FWIW if you want a quick summary, the most common claims that Kissinger was a war criminal and my rebuttal of them:
Bombing of Cambodia - This was illegal under U.S. law, and would be considered a breach of international law in terms of belligerency. It was a violation of the UN Charter, and “illegal.” However confusing as this may be, it doesn’t make the perpetrators of it a war criminal, war criminal has a more limited and specific definition by international law and treaties. This actually isn’t terribly dissimilar to the 2003 Iraq war–again, an illegal action under the UN Charter and not a “legal war”, but not a war crime.
What about civilian deaths in Cambodia from the illegal bombing campaign? Evaluating those deaths actually requires looking at the motivation and intent of the belligerent. In Cambodia all evidence we have is the U.S. bombing campaign was targeting covert North Vietnamese bases in Cambodia. Such a bombing campaign will all but certainly kill civilians. It is not a war crime to kill civilians. It is a war crime to target civilians. There is no evidence the U.S. bombing campaign in Cambodia was targeting civilians.
The East Timor Genocide - East Timor or Timor-Leste is a small island country in the Indonesian archipelago. It was a Portuguese colony which is how it ended up not being part of Indonesia proper. In the mid-1970s the ruler of Indonesia–a U.S. ally, Suharto, wanted to invade East Timor because he didn’t want them to be independent and he claimed that their government had communist leanings. Kissinger supposedly approved this invasion and Suharto did ask us first. In the ensuing occupation a recognized genocide occurred. During the time of that genocide and the 25 year illegal occupation, we continued to support Indonesia and sold weapons to them.
This is not a war crime because we were not at war in East Timor, were not engaged in belligerent activities, and were not a party to conflict. Selling weapons to a belligerent who commits war crimes, does not create “war crimes by proxy.” Countries like Switzerland and Sweden that continued to do trade with the Nazis during WWII did not incur war criminal status for their leaders by doing so.
Chilean Allende Coup - This one is one that was likely illegal under U.S. law and definitely violates the U.N. Charter, but we were not direct belligerents at all, which makes it hard to prosecute as a war crime. We provided covert support to Pinochet, but we did not directly commit the atrocities–Pinochet did. The coup was illegal but not a war crime. Pinochet was a war criminal but we don’t become war criminals by transitive property through our connection to him.

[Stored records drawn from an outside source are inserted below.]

(* Let $E,F$ be Banach spaces over $\mathbb{K}$ and $m,n,k\in\mathbb{N}$. If either $k=n=1$, or $kn$ is odd and $\mathbb{K}=\mathbb{R}$, then the map $P\in\mathcal{P}(^mE;F)\mapsto\Delta^n_kP\in\mathcal{P}(^n\mathcal{P}(^kF);\mathcal{P}(^{mkn}E))$ is injective.
   Context: Banach spaces are over $\mathbb{K}=\mathbb{R}$ or $\mathbb{C}$. $\mathcal{P}(^jX;Y)$ is the space of continuous $j$-homogeneous polynomials $X\to Y$, $\mathcal{P}(^jX)=\mathcal{P}(^jX;\mathbb{K})$. For $P\in\mathcal{P}(^mE;F)$, $\Delta^n_kP\colon\mathcal{P}(^kF)\to\mathcal{P}(^{mnk}E)$ is defined by $\Delta^n_kP(q)(x)=q(P(x))^n$. *)

theory Defs
  imports "HOL-Analysis.Analysis"
begin

text \<open>A real Banach space is a type of class banach with scaleR.
A complex Banach space is a real Banach space together with a complex scalar
multiplication extending scaleR and making the norm complex-absolutely homogeneous.\<close>

definition complex_structure :: "(complex \<Rightarrow> 'a::real_normed_vector \<Rightarrow> 'a) \<Rightarrow> bool" where
  "complex_structure sc \<longleftrightarrow>
     (\<forall>r x. sc (complex_of_real r) x = r *\<^sub>R x) \<and>
     (\<forall>a b x. sc (a * b) x = sc a (sc b x)) \<and>
     (\<forall>a x y. sc a (x + y) = sc a x + sc a y) \<and>
     (\<forall>a b x. sc (a + b) x = sc a x + sc b x) \<and>
     (\<forall>a x. norm (sc a x) = cmod a * norm x)"

text \<open>j-linear maps X^j \<rightarrow> Y over the scalars 'k acting via scX, scY.
Elements of X^j are represented as functions nat \<Rightarrow> X, only coordinates < j matter.\<close>

definition multilinear_map ::
  "('k \<Rightarrow> 'a \<Rightarrow> 'a) \<Rightarrow> ('k \<Rightarrow> 'b \<Rightarrow> 'b) \<Rightarrow> nat \<Rightarrow> ((nat \<Rightarrow> 'a::ab_group_add) \<Rightarrow> 'b::ab_group_add) \<Rightarrow> bool" where
  "multilinear_map scX scY j A \<longleftrightarrow>
     (\<forall>x y. (\<forall>i<j. x i = y i) \<longrightarrow> A x = A y) \<and>
     (\<forall>i<j. \<forall>x.
        (\<forall>y z. A (x(i := y + z)) = A (x(i := y)) + A (x(i := z))) \<and>
        (\<forall>c y. A (x(i := scX c y)) = scY c (A (x(i := y)))))"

Now another layer on top of all of this–Kissinger’s scope of authority and role in all of this is somewhat questionable. It’s pretty well understood he was deeply involved in East Timor, it’s less clear just how culpable he is the other two. He was involved in advising Nixon, certainly. But the Secretary of State doesn’t order the CIA to run coups, the Secretary of State doesn’t order our military to start bombing Cambodia. Richard Nixon did those things–none of which I believe are war crimes for the reasons I stated, but if they were, it would almost certainly be Nixon that bore culpability. The role of non-command civilian political advisers in conducting war crimes isn’t one of total immunity–there is some precedence at least under the Nuremberg trials for prosecuting civilian leadership, but those cases were much more direct than anything alleged of Kissinger.
For example Albert Speer was Minister of Armaments was actually overseeing the use of slave labor directly. Some of the other Nuremberg non-military defendants, may not actually have been prosecutable under subsequent war crimes regimes setup after WWII. For example Julius Streicher was a propagandist who got convicted of Crimes Against Humanity, and executed for it, but he never directly caused the death of a single person. He just operated virulent anti-Jewish propaganda outlets.
While this was considered legitimate under the structure of the Nuremberg tribunals, I’m not sure he, or Ribbentrop, could easily be convicted under the modern regime around war crimes.